1. not being able to resolve an important problem for a long period of time, and being attacked by another in a different area.

2. being attacked on many life areas at the same time, really hard.

my thoughts on the solution/my case (i'm no shrink):

there are people who make u feel good even if they give u very bad news, and there are people who make u feel bad even if they give u a good news, or "help" u as they argue/think. live as much as u can with the first category.

i'm not on the right forum for this topic but believing in god is practically everything. even if we don't call it god, for example for me god is "the Human spirit", not sure it qualifies as a god tongue.png but it works for me.an ape flying to the moon and back is the closest godish thing in this universe. so i (try) and trust god (the empathic/spiritual/human connection seing people) for hope. that's the light in our lifes.
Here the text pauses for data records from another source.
(* Let $K$ be an algebraically closed field of characteristic zero, let $n\geq 3$ and let $\lambda\in K\setminus\{-1\}$. Then every $D\in sl_n(K)$ can be written as $D=[A,B][A,C]+\lambda[A,C][A,B]$ for suitable matrices $A,B,C\in M_n(K)$.
   Context: $[X,Y]=XY-YX$ denotes the commutator, $M_n(K)$ is the algebra of $n\times n$ matrices over $K$, and $sl_n(K)$ is the set of trace zero matrices in $M_n(K)$. *)

theory Defs
  imports "Jordan_Normal_Form.Matrix" "HOL-Computational_Algebra.Polynomial"
begin

definition mat_trace :: "'a::comm_ring_1 mat \<Rightarrow> 'a" where
  "mat_trace A = (\<Sum>i<dim_row A. A $$ (i, i))"

definition commutator :: "'a::comm_ring_1 mat \<Rightarrow> 'a mat \<Rightarrow> 'a mat" where
  "commutator X Y = X * Y - Y * X"

end

theory Submission
  imports Defs "Jordan_Normal_Form.Schur_Decomposition" "Jordan_Normal_Form.DL_Rank"
begin
text \<open>Every job receives two charges, determined by its weighted load \<open>theta\<^sub>v \<lambda>\<^sub>r\<close>,
  its latency range \<open>L\<^sub>j\<close> and the layer \<open>l*(r)\<close>; write \<open>c\<^sub>j = lmin (1 + eps)^j\<close>.
  A VM of a feasible deployment serving a job of range \<open>L\<^sub>j\<close> has residual capability at least
  \<open>mubar - c\<^sub>j (1 + eps)\<close>, hence weighted load at most \<open>c\<^sub>j (1 + eps)\<close>, and it sits no higher
  than \<open>l*(r)\<close>; splitting its cost in proportion to load shows that it costs at least the
  OPT-charges of its jobs, so OPT is at least their sum.
  In c-REShare all jobs of a VM share node, VNF and range. A VM with \<open>2 theta \<Lambda> > c\<^sub>j\<close> is paid
  for by the ALG-charges of its jobs, each at most \<open>2 (1 + eps)\<close> times the OPT-charge. Of the
  VMs of one class at most one is light, because a new VM is opened only when the existing ones
  are not viable; so light VMs cost at most a constant independent of the request sequence,
  which vanishes relative to OPT.\<close>

lemma sum_list_list_update:
  fixes xs :: "'a::ab_group_add list"
  assumes "p < length xs"
  shows "sum_list (xs[p := x]) = sum_list xs - xs ! p + x"
proof -
  have "sum_list xs = sum_list (take p xs @ xs ! p # drop (Suc p) xs)"
    using id_take_nth_drop[OF assms] by simp
  then show ?thesis using upd_conv_take_nth_drop[OF assms] by simp
qed

lemma finite_geometric_below:
  fixes a e M :: real
  assumes "0 < a" "0 < e"
  shows "finite {j. a * (1 + e) ^ j < M}"
proof (rule finite_subset)
  show "{j. a * (1 + e) ^ j < M} \<subseteq> {..nat \<lceil>M / (a * e)\<rceil>}"
  proof
    fix j assume "j \<in> {j. a * (1 + e) ^ j < M}"
    moreover have "a * (1 + real j * e) \<le> a * (1 + e) ^ j"
      using Bernoulli_inequality[of e j] assms by (intro mult_left_mono) auto
    ultimately have "real j * (a * e) < M" using assms by (simp add: algebra_simps)
    then have "real j < M / (a * e)" using assms by (simp add: field_simps)
    then have "real j < real (nat \<lceil>M / (a * e)\<rceil>)" using of_nat_ceiling by (rule less_le_trans)
    then show "j \<in> {..nat \<lceil>M / (a * e)\<rceil>}" by simp
  qed
qed simp
lemma SPD_segment_neighbourhood:
  assumes S: "S \<in> SPD" and v: "v \<in> Sym"
  obtains \<delta> where "\<delta> > 0" and "\<And>t r. t \<in> {0..1} \<Longrightarrow> \<bar>r\<bar> \<le> \<delta> \<Longrightarrow> S + t *\<^sub>R (mat 1 - S) + r *\<^sub>R v \<in> SPD"
proof -
  obtain l where l: "l > 0" "\<And>x. l * (norm x)\<^sup>2 \<le> x \<bullet> (S *v x)"
    using SPD_quadratic_lower_bound[OF S] by blast
  define cv where "cv = (\<Sum>i\<in>UNIV. \<Sum>j\<in>UNIV. \<bar>v $ i $ j\<bar>)"
  define m where "m = min l 1"
  define \<delta> where "\<delta> = m / (2 * (cv + 1))"
  have cv: "cv \<ge> 0" by (simp add: cv_def sum_nonneg)
  have m: "m > 0" "m \<le> l" "m \<le> 1" using l by (auto simp: m_def)
  have \<delta>: "\<delta> > 0" "\<delta> * cv \<le> m / 2"
    using m cv by (auto simp: \<delta>_def field_simps)
  show thesis
  proof (rule that[OF \<delta>(1)])
    fix t r :: real assume t: "t \<in> {0..1}" and r: "\<bar>r\<bar> \<le> \<delta>"
    show "S + t *\<^sub>R (mat 1 - S) + r *\<^sub>R v \<in> SPD"
    proof (rule SPD_of_quadratic_lower_bound)
      show "S + t *\<^sub>R (mat 1 - S) + r *\<^sub>R v \<in> Sym"
        using SPD_imp_Sym[OF S] v by (intro Sym_add Sym_scaleR Sym_diff Sym_1)
      show "m / 2 > 0" using m by simp
      fix x :: "real^'a"
      have "x \<bullet> ((S + t *\<^sub>R (mat 1 - S) + r *\<^sub>R v) *v x)
          = (1 - t) * (x \<bullet> (S *v x)) + t * (norm x)\<^sup>2 + r * (x \<bullet> (v *v x))"
        by (simp add: matrix_vector_mult_add_rdistrib matrix_vector_mult_diff_rdistrib
            scaleR_matrix_vector_assoc[symmetric] inner_add_right inner_diff_right
            power2_norm_eq_inner algebra_simps)
      moreover have "(1 - t) * (l * (norm x)\<^sup>2) \<le> (1 - t) * (x \<bullet> (S *v x))"
        using t l(2)[of x] by (intro mult_left_mono) auto
      moreover have "- (\<delta> * cv * (norm x)\<^sup>2) \<le> r * (x \<bullet> (v *v x))"
      proof -
        have "\<bar>r * (x \<bullet> (v *v x))\<bar> \<le> \<delta> * (cv * (norm x)\<^sup>2)"
          unfolding abs_mult using r quadratic_form_le_entry_sum[of x v] by (intro mult_mono) (auto simp: cv_def)
        then show ?thesis by (simp add: ac_simps)
      qed
      moreover have "m / 2 * (norm x)\<^sup>2 \<le> ((1 - t) * l + t - \<delta> * cv) * (norm x)\<^sup>2"
      proof (rule mult_right_mono)
        have "(1 - t) * m \<le> (1 - t) * l" "t * m \<le> t"
          using t m mult_left_mono[of m 1 t] by (auto intro: mult_left_mono)
        then show "m / 2 \<le> (1 - t) * l + t - \<delta> * cv"
          using \<delta>(2) by (simp add: algebra_simps)
      qed simp
      ultimately show "m / 2 * (norm x)\<^sup>2 \<le> x \<bullet> ((S + t *\<^sub>R (mat 1 - S) + r *\<^sub>R v) *v x)"
        by (simp add: algebra_simps)
    qed
  qed
qed

lemma SPD_segment:
  assumes "S \<in> SPD" and "t \<in> {0..1}"
  shows "S + t *\<^sub>R (mat 1 - S) \<in> SPD"
proof -
  obtain \<delta> where "\<delta> > 0"
    and seg: "\<And>t r. t \<in> {0..1} \<Longrightarrow> \<bar>r\<bar> \<le> \<delta> \<Longrightarrow> S + t *\<^sub>R (mat 1 - S) + r *\<^sub>R 0 \<in> SPD"
    using SPD_segment_neighbourhood[OF \<open>S \<in> SPD\<close> Sym_0] by blast
  show ?thesis
    using seg[OF \<open>t \<in> {0..1}\<close>, of 0] \<open>\<delta> > 0\<close> by simp
qed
one last thought, we (the psyche) are a sort of forein affairs departament, meant to lead to food, shelter, mating, so we're ment to control/lead. the more we control the more involved and stronger we get in (the material) life. so staing alive means at least some little control. some control their bodies by getting an orgasm, some get pleasure from the (amount) of food they eat, some get pleasure by being the master (controling) a dog or a cat. i don't find them good solutions but if something or better someone takes the control of ur actions from u..

i'm not a psychologist.


today Putin is trying to steal our land! and no, i'm not referring to Crimea, but to a part of Moldova!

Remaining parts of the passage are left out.